**Given records:**
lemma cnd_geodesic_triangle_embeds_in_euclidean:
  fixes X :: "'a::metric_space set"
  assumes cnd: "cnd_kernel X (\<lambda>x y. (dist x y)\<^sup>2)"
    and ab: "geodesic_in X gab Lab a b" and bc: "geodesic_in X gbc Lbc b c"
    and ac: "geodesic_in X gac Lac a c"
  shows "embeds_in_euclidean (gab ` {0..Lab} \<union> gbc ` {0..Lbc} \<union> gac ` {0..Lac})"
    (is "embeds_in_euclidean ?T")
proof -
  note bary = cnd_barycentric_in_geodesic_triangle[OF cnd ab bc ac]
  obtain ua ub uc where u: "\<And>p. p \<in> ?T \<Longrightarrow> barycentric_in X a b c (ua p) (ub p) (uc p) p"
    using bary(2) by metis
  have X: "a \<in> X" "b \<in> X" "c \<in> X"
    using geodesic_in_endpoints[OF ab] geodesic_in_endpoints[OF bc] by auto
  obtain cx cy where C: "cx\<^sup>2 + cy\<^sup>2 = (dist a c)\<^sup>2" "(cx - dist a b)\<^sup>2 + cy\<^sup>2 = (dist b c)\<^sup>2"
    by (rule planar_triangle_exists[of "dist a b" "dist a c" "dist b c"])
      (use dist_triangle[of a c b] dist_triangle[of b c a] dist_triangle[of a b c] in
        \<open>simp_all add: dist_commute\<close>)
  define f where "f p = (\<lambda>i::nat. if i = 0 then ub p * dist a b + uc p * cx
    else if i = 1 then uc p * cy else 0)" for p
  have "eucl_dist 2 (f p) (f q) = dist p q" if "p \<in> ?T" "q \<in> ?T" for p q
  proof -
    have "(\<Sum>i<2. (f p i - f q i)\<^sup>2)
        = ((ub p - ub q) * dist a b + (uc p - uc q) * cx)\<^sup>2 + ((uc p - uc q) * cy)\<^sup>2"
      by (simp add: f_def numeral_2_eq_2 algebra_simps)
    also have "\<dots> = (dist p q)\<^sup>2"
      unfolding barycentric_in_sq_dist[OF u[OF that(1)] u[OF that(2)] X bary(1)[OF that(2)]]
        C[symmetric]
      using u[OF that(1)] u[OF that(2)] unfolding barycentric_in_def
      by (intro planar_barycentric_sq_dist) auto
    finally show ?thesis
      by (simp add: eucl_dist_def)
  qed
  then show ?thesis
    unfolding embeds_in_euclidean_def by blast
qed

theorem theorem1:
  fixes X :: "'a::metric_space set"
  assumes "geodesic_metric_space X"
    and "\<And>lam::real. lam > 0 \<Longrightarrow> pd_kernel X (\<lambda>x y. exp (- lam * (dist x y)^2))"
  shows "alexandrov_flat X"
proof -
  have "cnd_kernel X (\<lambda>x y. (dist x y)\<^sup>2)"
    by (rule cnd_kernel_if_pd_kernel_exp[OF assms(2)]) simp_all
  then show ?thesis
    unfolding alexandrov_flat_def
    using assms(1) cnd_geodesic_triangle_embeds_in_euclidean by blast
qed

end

**Exercise instructions:** Could you write out all the records exactly, please?

**Answer to the problem:**
lemma cnd_geodesic_triangle_embeds_in_euclidean:
  fixes X :: "'a::metric_space set"
  assumes cnd: "cnd_kernel X (\<lambda>x y. (dist x y)\<^sup>2)"
    and ab: "geodesic_in X gab Lab a b" and bc: "geodesic_in X gbc Lbc b c"
    and ac: "geodesic_in X gac Lac a c"
  shows "embeds_in_euclidean (gab ` {0..Lab} \<union> gbc ` {0..Lbc} \<union> gac ` {0..Lac})"
    (is "embeds_in_euclidean ?T")
proof -
  note bary = cnd_barycentric_in_geodesic_triangle[OF cnd ab bc ac]
  obtain ua ub uc where u: "\<And>p. p \<in> ?T \<Longrightarrow> barycentric_in X a b c (ua p) (ub p) (uc p) p"
    using bary(2) by metis
  have X: "a \<in> X" "b \<in> X" "c \<in> X"
    using geodesic_in_endpoints[OF ab] geodesic_in_endpoints[OF bc] by auto
  obtain cx cy where C: "cx\<^sup>2 + cy\<^sup>2 = (dist a c)\<^sup>2" "(cx - dist a b)\<^sup>2 + cy\<^sup>2 = (dist b c)\<^sup>2"
    by (rule planar_triangle_exists[of "dist a b" "dist a c" "dist b c"])
      (use dist_triangle[of a c b] dist_triangle[of b c a] dist_triangle[of a b c] in
        \<open>simp_all add: dist_commute\<close>)
  define f where "f p = (\<lambda>i::nat. if i = 0 then ub p * dist a b + uc p * cx
    else if i = 1 then uc p * cy else 0)" for p
  have "eucl_dist 2 (f p) (f q) = dist p q" if "p \<in> ?T" "q \<in> ?T" for p q
  proof -
    have "(\<Sum>i<2. (f p i - f q i)\<^sup>2)
        = ((ub p - ub q) * dist a b + (uc p - uc q) * cx)\<^sup>2 + ((uc p - uc q) * cy)\<^sup>2"
      by (simp add: f_def numeral_2_eq_2 algebra_simps)
    also have "\<dots> = (dist p q)\<^sup>2"
      unfolding barycentric_in_sq_dist[OF u[OF that(1)] u[OF that(2)] X bary(1)[OF that(2)]]
        C[symmetric]
      using u[OF that(1)] u[OF that(2)] unfolding barycentric_in_def
      by (intro planar_barycentric_sq_dist) auto
    finally show ?thesis
      by (simp add: eucl_dist_def)
  qed
  then show ?thesis
    unfolding embeds_in_euclidean_def by blast
qed

theorem theorem1:
  fixes X :: "'a::metric_space set"
  assumes "geodesic_metric_space X"
    and "\<And>lam::real. lam > 0 \<Longrightarrow> pd_kernel X (\<lambda>x y. exp (- lam * (dist x y)^2))"
  shows "alexandrov_flat X"
proof -
  have "cnd_kernel X (\<lambda>x y. (dist x y)\<^sup>2)"
    by (rule cnd_kernel_if_pd_kernel_exp[OF assms(2)]) simp_all
  then show ?thesis
    unfolding alexandrov_flat_def
    using assms(1) cnd_geodesic_triangle_embeds_in_euclidean by blast
qed

end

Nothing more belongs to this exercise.